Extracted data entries
Start of Block

(* Let $k\ge2$, $n\ge1$, $m=kn-1$, and let $\varphi\in C^\infty(\mathbb P_m\mathbb C)$ be $g$-admissible and $G_{n,k}$-invariant. Then for all real $0<\zeta_i\le1$ ($0\le i\le k-1$), $$(\varphi-\psi)([1,\zeta_0^{[n-1]},\zeta_1^{[n]},\dots,\zeta_{k-1}^{[n]}])\ge(\varphi-\psi)([1,\zeta_0^{[n-1]},\gamma^{[(k-1)n]}]),$$ where $\zeta^{[d]}=(\zeta,\dots,\zeta)\in\mathbb C^d$ and $\gamma=(\zeta_1\cdots\zeta_{k-1})^{1/(k-1)}$.
   Context: Homogeneous coordinates on $\mathbb P_m\mathbb C$, $m=kn-1$, are written $[z_0,\dots,z_m]=[Z_0,\dots,Z_{k-1}]$ with blocks $Z_h=(z_{hn},\dots,z_{(h+1)n-1})$. The metric $g$ has components $g_{\lambda\bar\mu}=a_m\,\partial^2\ln(1+|z_1|^2+\cdots+|z_m|^2)/\partial z_\lambda\partial\bar z_\mu$ in the chart $\{z_0=1\}$, for a fixed $a_m>0$. $\varphi$ is $g$-admissible if $g_{\lambda\bar\mu}+\partial^2\varphi/\partial z_\lambda\partial\bar z_\mu$ is positive definite everywhere. $G_{n,k}$ is the automorphism group generated by swaps of two blocks $Z_i,Z_j$, multiplication of a single coordinate $z_p$ by $e^{i\theta}$, and transpositions of two coordinates in the same block. $\psi([z_0,\dots,z_m])=\ln\big((|z_0|\cdots|z_m|)^{2a_m/(m+1)}/(|z_0|^2+\cdots+|z_m|^2)^{a_m}\big)$, defined where all $z_p\ne0$. *)

theory Defs
  imports "HOL-Analysis.Analysis"
begin

text \<open>C-infinity smoothness on an open set: differentiable, and every
  directional derivative is again smooth (coinductively).\<close>
coinductive smooth_on :: "'a::real_normed_vector set \<Rightarrow> ('a \<Rightarrow> real) \<Rightarrow> bool" where
  "open S \<Longrightarrow> f differentiable_on S \<Longrightarrow>
   (\<forall>u. smooth_on S (\<lambda>z. frechet_derivative f (at z) u)) \<Longrightarrow> smooth_on S f"

definition dird :: "'a::real_normed_vector \<Rightarrow> ('a \<Rightarrow> real) \<Rightarrow> 'a \<Rightarrow> real" where
  "dird u f z = frechet_derivative f (at z) u"

text \<open>Wirtinger second derivative  d^2 f / dz_l d(conj z_m).\<close>
definition wirt2 :: "(complex^'i \<Rightarrow> real) \<Rightarrow> 'i \<Rightarrow> 'i \<Rightarrow> complex^'i \<Rightarrow> complex" where
  "wirt2 f l m z =
     (let X = (\<lambda>q. axis q (1::complex)); Y = (\<lambda>q. axis q \<i>);
          D2 = (\<lambda>a b. complex_of_real (dird a (dird b f) z))
      in (D2 (X l) (X m) + \<i> * D2 (X l) (Y m) - \<i> * D2 (Y l) (X m) + D2 (Y l) (Y m)) / 4)"

definition pos_def_herm :: "nat set \<Rightarrow> (nat \<Rightarrow> nat \<Rightarrow> complex) \<Rightarrow> bool" where
  "pos_def_herm I H \<longleftrightarrow> (\<forall>l\<in>I. \<forall>m\<in>I. H l m = cnj (H m l)) \<and>
     (\<forall>v. (\<exists>l\<in>I. v l \<noteq> 0) \<longrightarrow> Re (\<Sum>l\<in>I. \<Sum>m\<in>I. H l m * v l * cnj (v m)) > 0)"

text \<open>Homogeneous coordinates z_0..z_{N-1}; idx is the bijection from {..<N} onto the index type.\<close>
definition coord :: "(nat \<Rightarrow> 'i) \<Rightarrow> nat \<Rightarrow> complex^'i \<Rightarrow> nat \<Rightarrow> complex" where
  "coord idx N z p = z $ idx p"

definition mk_point :: "(nat \<Rightarrow> 'i) \<Rightarrow> nat \<Rightarrow> (nat \<Rightarrow> complex) \<Rightarrow> complex^'i" where
  "mk_point idx N c = (\<chi> q. c (the_inv_into {..<N} idx q))"

definition logsq :: "complex^'i \<Rightarrow> real" where
  "logsq z = ln (\<Sum>q\<in>UNIV. (cmod (z $ q))^2)"

text \<open>g-admissibility of phi (given by its scale-invariant lift Phi), checked in every
  standard affine chart {z_j = 1}, in the affine coordinates z_p, p \<noteq> j.\<close>
definition admissible :: "real \<Rightarrow> (nat \<Rightarrow> 'i) \<Rightarrow> nat \<Rightarrow> (complex^'i \<Rightarrow> real) \<Rightarrow> bool" where
  "admissible a idx N Phi \<longleftrightarrow>
     (\<forall>j<N. \<forall>z. z $ idx j = 1 \<longrightarrow>
        pos_def_herm ({..<N} - {j})
          (\<lambda>l m. complex_of_real a * wirt2 logsq (idx l) (idx m) z + wirt2 Phi (idx l) (idx m) z))"

definition perm_pt :: "(nat \<Rightarrow> 'i) \<Rightarrow> nat \<Rightarrow> (nat \<Rightarrow> nat) \<Rightarrow> complex^'i \<Rightarrow> complex^'i" where
  "perm_pt idx N \<sigma> z = mk_point idx N (\<lambda>p. coord idx N z (\<sigma> p))"

definition swap_idx :: "nat \<Rightarrow> nat \<Rightarrow> nat \<Rightarrow> nat" where
  "swap_idx p q r = (if r = p then q else if r = q then p else r)"

definition block_swap :: "nat \<Rightarrow> nat \<Rightarrow> nat \<Rightarrow> nat \<Rightarrow> nat" where
  "block_swap n i j p = (if p div n = i then j * n + p mod n
                         else if p div n = j then i * n + p mod n else p)"

definition phase_pt :: "(nat \<Rightarrow> 'i) \<Rightarrow> nat \<Rightarrow> real \<Rightarrow> complex^'i \<Rightarrow> complex^'i" where
  "phase_pt idx p \<theta> z = (\<chi> q. if q = idx p then cis \<theta> * z $ q else z $ q)"

definition psi :: "real \<Rightarrow> complex^'i \<Rightarrow> real" where
  "psi a z = ln ((\<Prod>q\<in>UNIV. cmod (z $ q)) powr (2 * a / real CARD('i))
                 / (\<Sum>q\<in>UNIV. (cmod (z $ q))^2) powr a)"

end

theory Submission
  imports Defs
begin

End of Block

Task directions
Look above for the line that holds "j * n + p mod n", then copy it and each line after it exactly, through the last line of the data.

Answer area
  "block_swap n i j p = (if p div n = i then j * n + p mod n
                         else if p div n = j then i * n + p mod n else p)"

definition phase_pt :: "(nat \<Rightarrow> 'i) \<Rightarrow> nat \<Rightarrow> real \<Rightarrow> complex^'i \<Rightarrow> complex^'i" where
  "phase_pt idx p \<theta> z = (\<chi> q. if q = idx p then cis \<theta> * z $ q else z $ q)"

definition psi :: "real \<Rightarrow> complex^'i \<Rightarrow> real" where
  "psi a z = ln ((\<Prod>q\<in>UNIV. cmod (z $ q)) powr (2 * a / real CARD('i))
                 / (\<Sum>q\<in>UNIV. (cmod (z $ q))^2) powr a)"

end

theory Submission
  imports Defs
begin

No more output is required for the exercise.